Objective

To explore data synthesis techniques for single tables, relational tables, and entire databases, that preserve the statistical properties and structural relationships of the original datasets while ensuring data privacy and protection. As a proof of concept (POC), we implement the synthesis process for a more complex scenario involving relational medical tables.

Background and importance of data synthesis

Data synthesis refers to the creation of artificial data that mimics the statistical properties of the real-world data. With the rise of machine learning, data synthesis techniques advanced with generative models like GANs and VAEs, enabling more realistic synthetic data.

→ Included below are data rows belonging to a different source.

lemma tailored_coloring_tight:
  assumes tailored: "q_tailored V E q k cl" and "V \<noteq> {}" and "k \<ge> 2" and "q \<le> real c - 1"
    and ratio: "real k = (real c - lambda1 V E) / (q + 1 - lambda1 V E)"
  defines "X \<equiv> \<lambda>i. indicator (color_class V cl i) :: 'a \<Rightarrow> real"
  shows "lambda1 V E * (real k - 1) = real k * (q + 1) - real c"
    and "\<And>v. v \<in> V \<Longrightarrow> own_class_weight cl v = q * real (hdeg E v)"
    and "\<And>i j. i < k \<Longrightarrow> j < k \<Longrightarrow>
           lambda1 V E * degree_form (\<lambda>v. X i v - X j v) = edge_form (\<lambda>v. X i v - X j v)"
proof -
  let ?l = "lambda1 V E"
  define F where "F i j = edge_form (\<lambda>v. X i v - X j v) - ?l * degree_form (\<lambda>v. X i v - X j v)" for i j
  define S where "S v = q * real (hdeg E v) - own_class_weight cl v" for v
  have coloring: "is_coloring V k cl" using tailored by (simp add: q_tailored_def)
  have F_nonneg: "F i j \<ge> 0" for i j
    using lambda1_mult_degree_form_le[OF \<open>V \<noteq> {}\<close>] by (simp add: F_def)
  have S_nonneg: "S v \<ge> 0" if "v \<in> V" for v
    using tailored that by (auto simp: S_def own_class_weight_def q_tailored_def is_coloring_def color_class_def)
  have D_pos: "(\<Sum>v\<in>V. real (hdeg E v)) > 0"
    using \<open>V \<noteq> {}\<close> finite_V hdeg_pos by (intro sum_pos) fastforce+
  have identity: "(\<Sum>i<k. \<Sum>j<k. F i j) + 2 * real k * (\<Sum>v\<in>V. S v)
      = 2 * (real k * (q + 1) - real c - ?l * (real k - 1)) * (\<Sum>v\<in>V. real (hdeg E v))"
    using rayleigh_defect_identity[OF coloring, of ?l q] by (simp add: F_def S_def X_def)
  have F_sum: "(\<Sum>i<k. \<Sum>j<k. F i j) \<ge> 0" and S_sum: "2 * real k * (\<Sum>v\<in>V. S v) \<ge> 0"
    using F_nonneg S_nonneg by (auto intro!: sum_nonneg mult_nonneg_nonneg)
  then have "0 \<le> (real k * (q + 1) - real c - ?l * (real k - 1)) * (\<Sum>v\<in>V. real (hdeg E v))"
    using identity by linarith
  with D_pos have "?l * (real k - 1) \<le> real k * (q + 1) - real c"
    by (simp add: zero_le_mult_iff)
  then show tight: "?l * (real k - 1) = real k * (q + 1) - real c"
    using hoffman_bound_tight_if_ratio \<open>k \<ge> 2\<close> \<open>q \<le> real c - 1\<close> ratio by simp
  have "(\<Sum>i<k. \<Sum>j<k. F i j) + 2 * real k * (\<Sum>v\<in>V. S v) = 0"
    using identity tight by simp
  then have "(\<Sum>i<k. \<Sum>j<k. F i j) = 0" and "real k * (\<Sum>v\<in>V. S v) = 0"
    using F_sum S_sum by linarith+
  moreover have "real k \<noteq> 0" using \<open>k \<ge> 2\<close> by simp
  ultimately have "(\<Sum>i<k. \<Sum>j<k. F i j) = 0" and "(\<Sum>v\<in>V. S v) = 0"
    by simp_all
  then have F_zero: "\<forall>i<k. \<forall>j<k. F i j = 0" and S_zero: "\<forall>v\<in>V. S v = 0"
    using F_nonneg S_nonneg finite_V by (simp_all add: sum_nonneg sum_nonneg_eq_0_iff)
  show "own_class_weight cl v = q * real (hdeg E v)" if "v \<in> V" for v
    using S_zero that by (simp add: S_def)
  show "?l * degree_form (\<lambda>v. X i v - X j v) = edge_form (\<lambda>v. X i v - X j v)" if "i < k" "j < k" for i j
    using F_zero that by (simp add: F_def)
qed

The importance of data synthesis lays in aspects such as privacy protection, data availability, safe testing and development, cost efficiency, as it enables organizations to create realistic datasets without exposing sensitive information, facilitates the generation of data when the real data does not exist or access is limited, supports robust testing and development processes, and reduces costs associated with data acquisition and management.

Dataset overview

Medical Dataset

This research employed a comprehensive, interconnected medical dataset designed to simulate the complexity of real-world healthcare information systems. It’s important to note that while most publicly available datasets typically consist of single, unrelated tables, we chose to create our own interconnected set of tables for this research. This decision was made to more accurately represent the complexity of real-world data systems and to ensure a diverse range of data types within the tables, to provide a more challenging and realistic scenario for testing data synthesis techniques.

Our dataset comprises twelve related tables, each representing a critical component of a healthcare organization’s data structure. This intricate design allowed for a thorough evaluation of various data synthesis techniques, challenging their ability to preserve both statistical properties and complex relational structures.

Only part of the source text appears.